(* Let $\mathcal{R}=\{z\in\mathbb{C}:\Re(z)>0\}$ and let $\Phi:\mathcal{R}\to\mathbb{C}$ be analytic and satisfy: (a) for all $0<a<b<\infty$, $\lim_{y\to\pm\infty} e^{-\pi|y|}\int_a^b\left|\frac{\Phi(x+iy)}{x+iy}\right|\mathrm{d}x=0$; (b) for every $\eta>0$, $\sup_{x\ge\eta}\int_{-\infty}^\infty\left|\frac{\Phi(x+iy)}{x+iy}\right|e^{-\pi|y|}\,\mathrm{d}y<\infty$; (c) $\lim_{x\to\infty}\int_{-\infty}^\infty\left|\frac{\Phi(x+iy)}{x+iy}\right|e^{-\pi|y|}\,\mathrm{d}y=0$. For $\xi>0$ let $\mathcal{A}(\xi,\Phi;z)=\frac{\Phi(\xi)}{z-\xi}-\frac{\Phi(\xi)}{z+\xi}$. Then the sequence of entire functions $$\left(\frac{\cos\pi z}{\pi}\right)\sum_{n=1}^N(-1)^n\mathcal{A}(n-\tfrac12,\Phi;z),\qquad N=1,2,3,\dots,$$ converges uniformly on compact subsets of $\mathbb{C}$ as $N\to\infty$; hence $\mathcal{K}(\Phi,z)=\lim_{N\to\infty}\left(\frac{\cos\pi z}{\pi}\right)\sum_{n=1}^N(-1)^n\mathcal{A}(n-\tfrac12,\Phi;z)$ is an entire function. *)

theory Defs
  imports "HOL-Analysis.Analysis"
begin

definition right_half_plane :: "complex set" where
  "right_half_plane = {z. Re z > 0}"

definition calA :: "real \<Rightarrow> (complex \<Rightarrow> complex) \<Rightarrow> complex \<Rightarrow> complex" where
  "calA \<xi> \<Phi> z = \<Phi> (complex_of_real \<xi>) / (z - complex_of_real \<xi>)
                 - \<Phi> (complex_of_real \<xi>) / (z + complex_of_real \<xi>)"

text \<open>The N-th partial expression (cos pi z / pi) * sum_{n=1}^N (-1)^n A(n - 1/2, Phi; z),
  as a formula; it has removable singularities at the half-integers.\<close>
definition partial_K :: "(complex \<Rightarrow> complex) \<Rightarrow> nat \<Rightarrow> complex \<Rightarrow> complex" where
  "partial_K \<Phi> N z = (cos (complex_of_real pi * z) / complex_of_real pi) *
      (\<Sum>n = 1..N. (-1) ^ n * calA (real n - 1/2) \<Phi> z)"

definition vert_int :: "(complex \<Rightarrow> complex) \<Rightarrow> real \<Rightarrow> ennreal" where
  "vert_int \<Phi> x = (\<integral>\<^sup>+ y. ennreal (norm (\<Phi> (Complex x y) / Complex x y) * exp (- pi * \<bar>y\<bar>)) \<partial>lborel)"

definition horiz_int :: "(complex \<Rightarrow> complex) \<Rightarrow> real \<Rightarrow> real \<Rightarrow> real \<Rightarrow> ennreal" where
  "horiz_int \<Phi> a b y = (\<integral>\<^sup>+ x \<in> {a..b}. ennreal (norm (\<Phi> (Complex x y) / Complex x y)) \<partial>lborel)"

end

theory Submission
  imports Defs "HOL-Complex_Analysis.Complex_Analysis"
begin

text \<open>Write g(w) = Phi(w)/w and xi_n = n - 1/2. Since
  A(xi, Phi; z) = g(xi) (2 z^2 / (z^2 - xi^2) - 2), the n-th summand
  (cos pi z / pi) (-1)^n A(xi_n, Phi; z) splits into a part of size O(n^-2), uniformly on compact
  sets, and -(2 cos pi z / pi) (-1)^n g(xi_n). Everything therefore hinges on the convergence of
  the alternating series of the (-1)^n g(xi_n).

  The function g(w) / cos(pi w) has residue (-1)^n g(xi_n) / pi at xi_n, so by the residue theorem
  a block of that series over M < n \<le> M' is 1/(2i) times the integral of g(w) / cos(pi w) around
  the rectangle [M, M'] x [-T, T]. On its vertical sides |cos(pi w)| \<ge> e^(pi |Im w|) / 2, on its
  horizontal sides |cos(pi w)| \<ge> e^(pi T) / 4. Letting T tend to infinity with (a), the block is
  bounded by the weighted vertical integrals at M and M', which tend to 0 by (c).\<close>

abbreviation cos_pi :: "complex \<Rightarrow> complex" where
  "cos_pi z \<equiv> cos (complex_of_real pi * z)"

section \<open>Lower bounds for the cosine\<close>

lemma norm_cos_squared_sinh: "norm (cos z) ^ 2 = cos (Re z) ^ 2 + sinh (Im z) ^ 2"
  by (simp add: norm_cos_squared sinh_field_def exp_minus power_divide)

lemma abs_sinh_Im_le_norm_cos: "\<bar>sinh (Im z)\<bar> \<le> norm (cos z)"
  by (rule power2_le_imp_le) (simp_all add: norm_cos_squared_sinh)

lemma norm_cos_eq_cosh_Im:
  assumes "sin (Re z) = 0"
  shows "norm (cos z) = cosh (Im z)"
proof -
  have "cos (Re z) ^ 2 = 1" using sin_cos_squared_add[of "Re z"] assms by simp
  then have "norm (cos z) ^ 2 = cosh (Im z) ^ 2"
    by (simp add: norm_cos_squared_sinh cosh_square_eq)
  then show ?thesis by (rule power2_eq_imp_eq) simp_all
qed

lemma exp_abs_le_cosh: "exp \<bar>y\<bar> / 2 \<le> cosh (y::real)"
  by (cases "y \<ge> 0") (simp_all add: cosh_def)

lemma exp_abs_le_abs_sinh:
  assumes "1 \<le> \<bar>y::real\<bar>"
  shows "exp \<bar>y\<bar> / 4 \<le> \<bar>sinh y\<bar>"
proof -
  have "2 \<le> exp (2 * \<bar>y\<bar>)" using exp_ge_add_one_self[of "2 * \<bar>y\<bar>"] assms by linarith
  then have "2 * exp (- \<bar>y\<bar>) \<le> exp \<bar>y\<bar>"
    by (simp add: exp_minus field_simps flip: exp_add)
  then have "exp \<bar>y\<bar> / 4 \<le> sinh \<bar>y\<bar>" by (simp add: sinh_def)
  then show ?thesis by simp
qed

▶ [What this task involves]: Where a line of the entries contains the word "vertical", count it, then state the total and nothing else.

▶ [Answer to this problem]: 2